## [Given data]
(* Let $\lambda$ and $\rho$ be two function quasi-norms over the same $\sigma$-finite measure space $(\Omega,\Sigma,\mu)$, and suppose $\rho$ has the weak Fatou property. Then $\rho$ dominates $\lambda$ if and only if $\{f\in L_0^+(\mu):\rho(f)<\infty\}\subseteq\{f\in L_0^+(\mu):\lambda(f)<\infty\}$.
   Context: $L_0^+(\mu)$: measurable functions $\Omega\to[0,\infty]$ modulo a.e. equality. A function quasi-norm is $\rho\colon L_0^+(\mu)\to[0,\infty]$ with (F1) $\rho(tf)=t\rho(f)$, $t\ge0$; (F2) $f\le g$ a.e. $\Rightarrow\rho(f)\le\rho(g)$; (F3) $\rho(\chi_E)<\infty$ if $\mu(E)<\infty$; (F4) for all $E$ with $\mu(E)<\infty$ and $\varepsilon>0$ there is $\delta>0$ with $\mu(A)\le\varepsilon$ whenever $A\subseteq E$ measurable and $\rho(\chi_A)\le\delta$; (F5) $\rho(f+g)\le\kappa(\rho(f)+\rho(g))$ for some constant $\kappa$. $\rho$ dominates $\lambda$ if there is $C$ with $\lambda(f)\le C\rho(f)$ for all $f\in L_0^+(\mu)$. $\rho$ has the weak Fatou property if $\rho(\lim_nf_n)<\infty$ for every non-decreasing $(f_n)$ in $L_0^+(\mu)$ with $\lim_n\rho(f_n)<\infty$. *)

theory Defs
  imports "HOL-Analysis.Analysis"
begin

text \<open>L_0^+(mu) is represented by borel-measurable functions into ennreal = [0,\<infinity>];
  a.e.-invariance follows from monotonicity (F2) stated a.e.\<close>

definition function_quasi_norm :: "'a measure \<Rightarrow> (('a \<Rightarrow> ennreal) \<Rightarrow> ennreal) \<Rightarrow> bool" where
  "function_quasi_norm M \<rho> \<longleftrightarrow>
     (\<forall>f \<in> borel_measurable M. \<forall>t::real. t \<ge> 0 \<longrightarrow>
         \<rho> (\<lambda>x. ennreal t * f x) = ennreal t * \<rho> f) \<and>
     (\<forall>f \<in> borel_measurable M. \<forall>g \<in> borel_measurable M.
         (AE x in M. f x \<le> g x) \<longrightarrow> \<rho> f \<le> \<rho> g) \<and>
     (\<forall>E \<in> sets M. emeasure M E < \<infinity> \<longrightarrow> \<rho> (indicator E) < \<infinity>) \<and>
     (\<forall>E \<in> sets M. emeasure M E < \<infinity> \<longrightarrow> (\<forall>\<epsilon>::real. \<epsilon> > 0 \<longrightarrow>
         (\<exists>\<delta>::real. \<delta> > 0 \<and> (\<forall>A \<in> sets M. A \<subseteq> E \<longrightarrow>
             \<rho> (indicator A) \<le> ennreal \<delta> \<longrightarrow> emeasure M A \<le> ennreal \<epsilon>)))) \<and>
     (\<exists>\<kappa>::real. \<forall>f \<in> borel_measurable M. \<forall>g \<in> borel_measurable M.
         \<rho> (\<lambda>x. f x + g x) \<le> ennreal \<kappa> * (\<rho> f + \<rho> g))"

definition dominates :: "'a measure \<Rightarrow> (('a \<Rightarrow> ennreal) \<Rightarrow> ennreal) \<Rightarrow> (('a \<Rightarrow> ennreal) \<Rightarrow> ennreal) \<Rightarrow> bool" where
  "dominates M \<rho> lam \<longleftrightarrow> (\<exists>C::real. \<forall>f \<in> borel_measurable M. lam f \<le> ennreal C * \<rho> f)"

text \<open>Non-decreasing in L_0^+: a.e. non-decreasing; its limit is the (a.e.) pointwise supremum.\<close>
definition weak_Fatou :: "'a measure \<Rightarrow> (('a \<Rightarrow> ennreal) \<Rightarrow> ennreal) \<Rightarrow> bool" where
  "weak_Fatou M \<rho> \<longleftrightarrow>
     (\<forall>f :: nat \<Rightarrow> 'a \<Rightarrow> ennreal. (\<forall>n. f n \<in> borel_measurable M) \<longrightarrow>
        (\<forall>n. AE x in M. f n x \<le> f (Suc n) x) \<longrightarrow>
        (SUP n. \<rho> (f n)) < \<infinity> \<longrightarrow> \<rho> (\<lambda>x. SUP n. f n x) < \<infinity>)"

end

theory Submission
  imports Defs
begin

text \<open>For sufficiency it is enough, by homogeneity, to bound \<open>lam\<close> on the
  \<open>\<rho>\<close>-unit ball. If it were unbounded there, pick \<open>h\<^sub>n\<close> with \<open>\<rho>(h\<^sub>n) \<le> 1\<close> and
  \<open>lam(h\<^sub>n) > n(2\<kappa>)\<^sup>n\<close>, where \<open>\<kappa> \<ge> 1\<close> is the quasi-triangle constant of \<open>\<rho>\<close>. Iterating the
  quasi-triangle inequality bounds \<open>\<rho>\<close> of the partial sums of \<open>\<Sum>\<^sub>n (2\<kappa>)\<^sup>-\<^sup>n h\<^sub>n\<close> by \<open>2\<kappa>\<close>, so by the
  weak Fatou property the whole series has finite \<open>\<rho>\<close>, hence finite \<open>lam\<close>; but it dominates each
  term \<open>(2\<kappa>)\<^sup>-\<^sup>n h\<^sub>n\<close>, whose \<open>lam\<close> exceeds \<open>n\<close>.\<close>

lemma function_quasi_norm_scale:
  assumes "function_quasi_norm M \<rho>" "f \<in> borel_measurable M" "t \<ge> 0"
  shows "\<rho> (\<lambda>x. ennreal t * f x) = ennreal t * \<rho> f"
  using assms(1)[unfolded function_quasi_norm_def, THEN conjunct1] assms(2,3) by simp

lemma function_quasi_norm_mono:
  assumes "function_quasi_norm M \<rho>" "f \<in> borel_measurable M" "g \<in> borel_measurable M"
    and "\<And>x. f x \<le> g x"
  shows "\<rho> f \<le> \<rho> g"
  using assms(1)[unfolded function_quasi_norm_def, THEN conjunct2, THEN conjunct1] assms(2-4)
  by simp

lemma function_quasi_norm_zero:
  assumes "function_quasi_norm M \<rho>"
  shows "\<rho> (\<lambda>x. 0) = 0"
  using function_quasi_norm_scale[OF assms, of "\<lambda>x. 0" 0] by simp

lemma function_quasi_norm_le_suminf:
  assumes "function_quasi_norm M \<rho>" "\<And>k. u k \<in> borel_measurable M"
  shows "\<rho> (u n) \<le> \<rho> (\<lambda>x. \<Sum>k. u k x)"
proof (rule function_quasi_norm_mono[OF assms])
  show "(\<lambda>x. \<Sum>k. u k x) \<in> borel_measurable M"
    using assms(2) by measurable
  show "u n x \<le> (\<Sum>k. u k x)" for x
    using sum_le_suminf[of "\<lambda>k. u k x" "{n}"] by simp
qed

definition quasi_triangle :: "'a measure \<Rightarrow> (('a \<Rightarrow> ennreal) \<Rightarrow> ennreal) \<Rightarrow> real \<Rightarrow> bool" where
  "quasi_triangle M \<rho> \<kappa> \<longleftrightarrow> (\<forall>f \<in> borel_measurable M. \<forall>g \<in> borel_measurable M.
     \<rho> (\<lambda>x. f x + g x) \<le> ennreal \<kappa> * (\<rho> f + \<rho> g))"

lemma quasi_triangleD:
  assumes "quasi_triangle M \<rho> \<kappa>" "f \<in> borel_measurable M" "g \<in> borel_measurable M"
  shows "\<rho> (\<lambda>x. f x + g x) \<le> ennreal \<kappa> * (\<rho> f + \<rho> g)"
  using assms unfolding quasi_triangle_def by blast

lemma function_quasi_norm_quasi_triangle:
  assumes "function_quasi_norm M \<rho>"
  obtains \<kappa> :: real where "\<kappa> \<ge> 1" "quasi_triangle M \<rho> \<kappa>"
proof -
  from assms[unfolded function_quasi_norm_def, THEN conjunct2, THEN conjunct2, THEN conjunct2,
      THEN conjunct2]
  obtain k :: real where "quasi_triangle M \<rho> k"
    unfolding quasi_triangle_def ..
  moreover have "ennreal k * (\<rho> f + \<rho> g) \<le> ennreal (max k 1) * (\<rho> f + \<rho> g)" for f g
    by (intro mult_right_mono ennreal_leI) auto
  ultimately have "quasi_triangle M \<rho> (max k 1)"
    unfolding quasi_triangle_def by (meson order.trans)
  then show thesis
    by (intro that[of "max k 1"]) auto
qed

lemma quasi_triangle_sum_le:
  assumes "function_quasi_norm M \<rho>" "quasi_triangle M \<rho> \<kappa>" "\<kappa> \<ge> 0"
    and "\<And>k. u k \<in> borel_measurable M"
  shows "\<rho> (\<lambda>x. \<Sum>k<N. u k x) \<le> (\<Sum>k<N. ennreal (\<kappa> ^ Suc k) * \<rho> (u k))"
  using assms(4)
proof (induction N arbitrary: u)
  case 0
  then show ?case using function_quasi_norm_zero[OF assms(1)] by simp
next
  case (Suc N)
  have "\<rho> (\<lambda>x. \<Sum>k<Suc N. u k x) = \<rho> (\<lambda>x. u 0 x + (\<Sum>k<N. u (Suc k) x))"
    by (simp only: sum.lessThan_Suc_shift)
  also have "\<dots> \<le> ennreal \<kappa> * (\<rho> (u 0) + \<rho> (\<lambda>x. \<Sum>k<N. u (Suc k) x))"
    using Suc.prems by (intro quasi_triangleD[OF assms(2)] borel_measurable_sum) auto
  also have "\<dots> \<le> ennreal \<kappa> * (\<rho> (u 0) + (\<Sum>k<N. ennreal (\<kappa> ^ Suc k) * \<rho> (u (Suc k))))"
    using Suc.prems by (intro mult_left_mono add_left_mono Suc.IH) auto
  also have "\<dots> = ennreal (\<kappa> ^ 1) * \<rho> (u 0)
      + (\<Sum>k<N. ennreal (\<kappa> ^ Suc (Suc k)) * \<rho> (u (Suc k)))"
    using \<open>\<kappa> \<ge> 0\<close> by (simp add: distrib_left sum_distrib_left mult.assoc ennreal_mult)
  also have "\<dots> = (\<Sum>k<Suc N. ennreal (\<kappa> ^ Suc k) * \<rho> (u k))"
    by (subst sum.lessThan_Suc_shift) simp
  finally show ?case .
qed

...

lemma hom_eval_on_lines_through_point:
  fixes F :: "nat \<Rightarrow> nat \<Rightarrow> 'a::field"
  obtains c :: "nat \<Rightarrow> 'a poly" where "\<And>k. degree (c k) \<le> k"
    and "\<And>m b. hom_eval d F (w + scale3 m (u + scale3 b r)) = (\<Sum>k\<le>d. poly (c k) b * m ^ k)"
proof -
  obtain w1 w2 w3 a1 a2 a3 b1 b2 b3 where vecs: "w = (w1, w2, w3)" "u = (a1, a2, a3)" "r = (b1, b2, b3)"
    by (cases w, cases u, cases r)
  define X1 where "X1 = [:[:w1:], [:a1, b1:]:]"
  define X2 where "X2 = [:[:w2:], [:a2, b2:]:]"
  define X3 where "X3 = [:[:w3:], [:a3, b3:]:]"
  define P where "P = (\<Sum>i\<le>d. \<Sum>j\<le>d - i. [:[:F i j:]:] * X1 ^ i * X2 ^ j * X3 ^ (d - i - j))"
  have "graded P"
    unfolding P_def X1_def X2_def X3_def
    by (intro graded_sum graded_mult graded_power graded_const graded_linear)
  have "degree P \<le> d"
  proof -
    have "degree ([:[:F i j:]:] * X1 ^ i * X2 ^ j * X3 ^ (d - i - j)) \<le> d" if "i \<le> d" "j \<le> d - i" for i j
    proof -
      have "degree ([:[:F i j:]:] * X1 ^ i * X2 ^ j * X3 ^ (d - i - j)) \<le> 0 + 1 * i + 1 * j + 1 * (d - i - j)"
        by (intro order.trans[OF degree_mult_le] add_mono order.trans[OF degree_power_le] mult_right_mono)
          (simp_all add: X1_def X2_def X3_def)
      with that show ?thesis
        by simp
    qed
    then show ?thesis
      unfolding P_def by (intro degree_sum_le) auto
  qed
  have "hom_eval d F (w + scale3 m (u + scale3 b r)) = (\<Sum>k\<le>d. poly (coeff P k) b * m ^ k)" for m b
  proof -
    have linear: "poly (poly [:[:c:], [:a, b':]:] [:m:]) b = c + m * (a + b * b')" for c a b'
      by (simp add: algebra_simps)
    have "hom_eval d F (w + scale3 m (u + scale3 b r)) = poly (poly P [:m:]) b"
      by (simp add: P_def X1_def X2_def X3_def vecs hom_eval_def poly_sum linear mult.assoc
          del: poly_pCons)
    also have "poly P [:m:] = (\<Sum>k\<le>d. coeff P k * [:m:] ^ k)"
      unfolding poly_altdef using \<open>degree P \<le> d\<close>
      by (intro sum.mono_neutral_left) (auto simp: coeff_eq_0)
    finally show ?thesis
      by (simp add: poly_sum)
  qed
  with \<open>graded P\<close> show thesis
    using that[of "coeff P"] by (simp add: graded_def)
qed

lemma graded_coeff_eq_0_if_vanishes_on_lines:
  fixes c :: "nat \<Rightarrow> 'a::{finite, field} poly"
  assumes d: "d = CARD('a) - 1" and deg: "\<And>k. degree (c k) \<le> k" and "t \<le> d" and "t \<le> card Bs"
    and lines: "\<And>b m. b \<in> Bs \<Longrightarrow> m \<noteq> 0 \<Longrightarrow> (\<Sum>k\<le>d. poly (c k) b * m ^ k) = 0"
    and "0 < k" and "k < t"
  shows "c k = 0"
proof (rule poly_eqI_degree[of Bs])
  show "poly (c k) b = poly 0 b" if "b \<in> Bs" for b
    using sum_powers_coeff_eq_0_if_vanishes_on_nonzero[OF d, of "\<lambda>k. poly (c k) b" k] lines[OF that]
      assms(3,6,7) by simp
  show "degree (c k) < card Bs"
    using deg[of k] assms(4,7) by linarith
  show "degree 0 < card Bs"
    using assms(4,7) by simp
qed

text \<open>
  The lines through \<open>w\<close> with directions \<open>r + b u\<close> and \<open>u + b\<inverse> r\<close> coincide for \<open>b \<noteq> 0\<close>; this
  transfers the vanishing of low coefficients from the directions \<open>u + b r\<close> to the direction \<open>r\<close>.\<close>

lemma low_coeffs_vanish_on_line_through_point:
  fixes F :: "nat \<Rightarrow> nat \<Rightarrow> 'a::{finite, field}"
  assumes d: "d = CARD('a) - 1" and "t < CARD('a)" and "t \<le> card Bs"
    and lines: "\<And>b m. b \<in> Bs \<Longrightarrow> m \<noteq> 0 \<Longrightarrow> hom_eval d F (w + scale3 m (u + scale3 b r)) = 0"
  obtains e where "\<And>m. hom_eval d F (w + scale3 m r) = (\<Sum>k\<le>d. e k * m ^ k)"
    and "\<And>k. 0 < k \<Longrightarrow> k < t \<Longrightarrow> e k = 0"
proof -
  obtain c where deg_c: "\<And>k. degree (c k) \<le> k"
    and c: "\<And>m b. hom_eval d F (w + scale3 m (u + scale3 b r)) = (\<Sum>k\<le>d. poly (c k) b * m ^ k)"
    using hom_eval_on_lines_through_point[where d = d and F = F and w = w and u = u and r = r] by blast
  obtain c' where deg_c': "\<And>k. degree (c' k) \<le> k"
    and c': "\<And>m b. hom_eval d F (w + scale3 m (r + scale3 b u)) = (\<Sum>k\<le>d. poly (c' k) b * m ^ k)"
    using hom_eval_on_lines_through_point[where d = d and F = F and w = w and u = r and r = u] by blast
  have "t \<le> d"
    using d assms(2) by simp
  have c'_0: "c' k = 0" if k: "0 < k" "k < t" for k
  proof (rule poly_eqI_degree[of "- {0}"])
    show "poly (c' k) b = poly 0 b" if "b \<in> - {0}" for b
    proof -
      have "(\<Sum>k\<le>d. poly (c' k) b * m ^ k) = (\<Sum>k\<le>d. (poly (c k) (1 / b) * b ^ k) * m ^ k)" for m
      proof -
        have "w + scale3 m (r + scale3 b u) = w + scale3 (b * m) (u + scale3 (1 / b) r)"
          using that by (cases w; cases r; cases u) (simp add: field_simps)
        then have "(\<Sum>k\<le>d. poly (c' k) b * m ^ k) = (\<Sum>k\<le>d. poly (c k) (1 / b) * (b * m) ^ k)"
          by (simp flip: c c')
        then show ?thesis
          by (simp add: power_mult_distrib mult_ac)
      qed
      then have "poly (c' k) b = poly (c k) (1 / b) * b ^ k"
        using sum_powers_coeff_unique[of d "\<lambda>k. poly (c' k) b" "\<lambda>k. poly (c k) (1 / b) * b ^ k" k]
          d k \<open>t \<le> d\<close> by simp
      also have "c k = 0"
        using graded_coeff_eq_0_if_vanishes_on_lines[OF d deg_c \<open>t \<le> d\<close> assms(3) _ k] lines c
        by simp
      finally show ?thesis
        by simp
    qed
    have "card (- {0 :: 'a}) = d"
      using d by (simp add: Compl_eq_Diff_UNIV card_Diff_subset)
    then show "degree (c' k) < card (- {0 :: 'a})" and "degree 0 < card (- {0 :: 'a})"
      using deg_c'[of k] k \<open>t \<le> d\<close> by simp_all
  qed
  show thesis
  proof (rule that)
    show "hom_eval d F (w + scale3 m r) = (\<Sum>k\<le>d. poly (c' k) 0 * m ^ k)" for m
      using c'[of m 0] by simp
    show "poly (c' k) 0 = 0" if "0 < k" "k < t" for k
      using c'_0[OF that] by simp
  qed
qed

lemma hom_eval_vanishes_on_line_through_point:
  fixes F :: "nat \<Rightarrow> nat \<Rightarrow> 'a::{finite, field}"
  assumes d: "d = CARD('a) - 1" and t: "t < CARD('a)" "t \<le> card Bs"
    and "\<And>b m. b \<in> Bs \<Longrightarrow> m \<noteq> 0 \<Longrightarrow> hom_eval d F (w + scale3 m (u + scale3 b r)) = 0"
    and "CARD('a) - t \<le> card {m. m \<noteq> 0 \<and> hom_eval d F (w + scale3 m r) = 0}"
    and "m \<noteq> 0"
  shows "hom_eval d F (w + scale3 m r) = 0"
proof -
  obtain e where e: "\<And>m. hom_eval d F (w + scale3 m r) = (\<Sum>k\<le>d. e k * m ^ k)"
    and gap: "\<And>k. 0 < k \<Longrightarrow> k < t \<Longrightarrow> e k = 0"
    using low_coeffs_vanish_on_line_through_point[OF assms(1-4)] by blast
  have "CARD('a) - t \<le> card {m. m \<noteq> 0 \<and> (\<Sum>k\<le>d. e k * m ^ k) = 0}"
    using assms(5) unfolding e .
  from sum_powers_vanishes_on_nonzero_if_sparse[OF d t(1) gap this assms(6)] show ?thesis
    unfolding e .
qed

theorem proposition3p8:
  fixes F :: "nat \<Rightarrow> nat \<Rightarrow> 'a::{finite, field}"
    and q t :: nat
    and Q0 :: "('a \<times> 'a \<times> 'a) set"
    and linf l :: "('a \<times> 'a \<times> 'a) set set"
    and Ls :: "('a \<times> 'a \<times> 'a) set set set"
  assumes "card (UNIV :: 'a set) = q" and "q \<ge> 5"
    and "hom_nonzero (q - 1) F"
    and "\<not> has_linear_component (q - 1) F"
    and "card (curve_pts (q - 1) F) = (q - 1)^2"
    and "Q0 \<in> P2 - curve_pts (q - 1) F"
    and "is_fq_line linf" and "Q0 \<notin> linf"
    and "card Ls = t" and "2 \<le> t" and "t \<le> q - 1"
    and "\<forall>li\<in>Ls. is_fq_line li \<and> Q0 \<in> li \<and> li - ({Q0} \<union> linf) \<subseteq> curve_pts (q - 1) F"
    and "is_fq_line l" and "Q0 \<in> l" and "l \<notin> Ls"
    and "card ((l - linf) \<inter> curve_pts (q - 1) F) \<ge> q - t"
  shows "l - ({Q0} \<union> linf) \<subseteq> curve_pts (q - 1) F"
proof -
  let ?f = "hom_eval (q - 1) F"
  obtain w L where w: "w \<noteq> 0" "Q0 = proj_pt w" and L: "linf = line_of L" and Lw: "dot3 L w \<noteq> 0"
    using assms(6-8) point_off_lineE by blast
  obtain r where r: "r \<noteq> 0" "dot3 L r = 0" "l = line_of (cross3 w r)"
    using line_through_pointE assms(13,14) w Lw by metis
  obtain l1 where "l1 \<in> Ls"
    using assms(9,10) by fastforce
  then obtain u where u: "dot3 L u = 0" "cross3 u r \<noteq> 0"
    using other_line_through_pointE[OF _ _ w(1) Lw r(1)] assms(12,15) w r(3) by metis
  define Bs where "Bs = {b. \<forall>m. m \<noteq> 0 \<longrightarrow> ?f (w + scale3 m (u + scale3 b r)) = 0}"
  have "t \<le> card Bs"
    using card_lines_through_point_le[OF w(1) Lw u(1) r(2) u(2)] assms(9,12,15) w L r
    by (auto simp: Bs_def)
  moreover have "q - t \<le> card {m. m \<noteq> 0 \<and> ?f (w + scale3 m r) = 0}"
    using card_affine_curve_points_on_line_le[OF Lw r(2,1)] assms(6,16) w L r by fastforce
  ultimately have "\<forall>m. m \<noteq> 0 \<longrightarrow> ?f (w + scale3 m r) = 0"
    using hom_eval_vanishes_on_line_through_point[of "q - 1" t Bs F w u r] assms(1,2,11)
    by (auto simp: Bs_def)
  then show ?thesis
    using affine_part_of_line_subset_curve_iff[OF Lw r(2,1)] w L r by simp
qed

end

## [What you should do]
Using the entries above, give back exactly the line containing "0 \<and> (\<Sum>k\<le>d.", the line containing "0 \<and> ?f", and every line between them, and nothing else.

## [Result of the task]
  have "CARD('a) - t \<le> card {m. m \<noteq> 0 \<and> (\<Sum>k\<le>d. e k * m ^ k) = 0}"
    using assms(5) unfolding e .
  from sum_powers_vanishes_on_nonzero_if_sparse[OF d t(1) gap this assms(6)] show ?thesis
    unfolding e .
qed

theorem proposition3p8:
  fixes F :: "nat \<Rightarrow> nat \<Rightarrow> 'a::{finite, field}"
    and q t :: nat
    and Q0 :: "('a \<times> 'a \<times> 'a) set"
    and linf l :: "('a \<times> 'a \<times> 'a) set set"
    and Ls :: "('a \<times> 'a \<times> 'a) set set set"
  assumes "card (UNIV :: 'a set) = q" and "q \<ge> 5"
    and "hom_nonzero (q - 1) F"
    and "\<not> has_linear_component (q - 1) F"
    and "card (curve_pts (q - 1) F) = (q - 1)^2"
    and "Q0 \<in> P2 - curve_pts (q - 1) F"
    and "is_fq_line linf" and "Q0 \<notin> linf"
    and "card Ls = t" and "2 \<le> t" and "t \<le> q - 1"
    and "\<forall>li\<in>Ls. is_fq_line li \<and> Q0 \<in> li \<and> li - ({Q0} \<union> linf) \<subseteq> curve_pts (q - 1) F"
    and "is_fq_line l" and "Q0 \<in> l" and "l \<notin> Ls"
    and "card ((l - linf) \<inter> curve_pts (q - 1) F) \<ge> q - t"
  shows "l - ({Q0} \<union> linf) \<subseteq> curve_pts (q - 1) F"
proof -
  let ?f = "hom_eval (q - 1) F"
  obtain w L where w: "w \<noteq> 0" "Q0 = proj_pt w" and L: "linf = line_of L" and Lw: "dot3 L w \<noteq> 0"
    using assms(6-8) point_off_lineE by blast
  obtain r where r: "r \<noteq> 0" "dot3 L r = 0" "l = line_of (cross3 w r)"
    using line_through_pointE assms(13,14) w Lw by metis
  obtain l1 where "l1 \<in> Ls"
    using assms(9,10) by fastforce
  then obtain u where u: "dot3 L u = 0" "cross3 u r \<noteq> 0"
    using other_line_through_pointE[OF _ _ w(1) Lw r(1)] assms(12,15) w r(3) by metis
  define Bs where "Bs = {b. \<forall>m. m \<noteq> 0 \<longrightarrow> ?f (w + scale3 m (u + scale3 b r)) = 0}"
  have "t \<le> card Bs"
    using card_lines_through_point_le[OF w(1) Lw u(1) r(2) u(2)] assms(9,12,15) w L r
    by (auto simp: Bs_def)
  moreover have "q - t \<le> card {m. m \<noteq> 0 \<and> ?f (w + scale3 m r) = 0}"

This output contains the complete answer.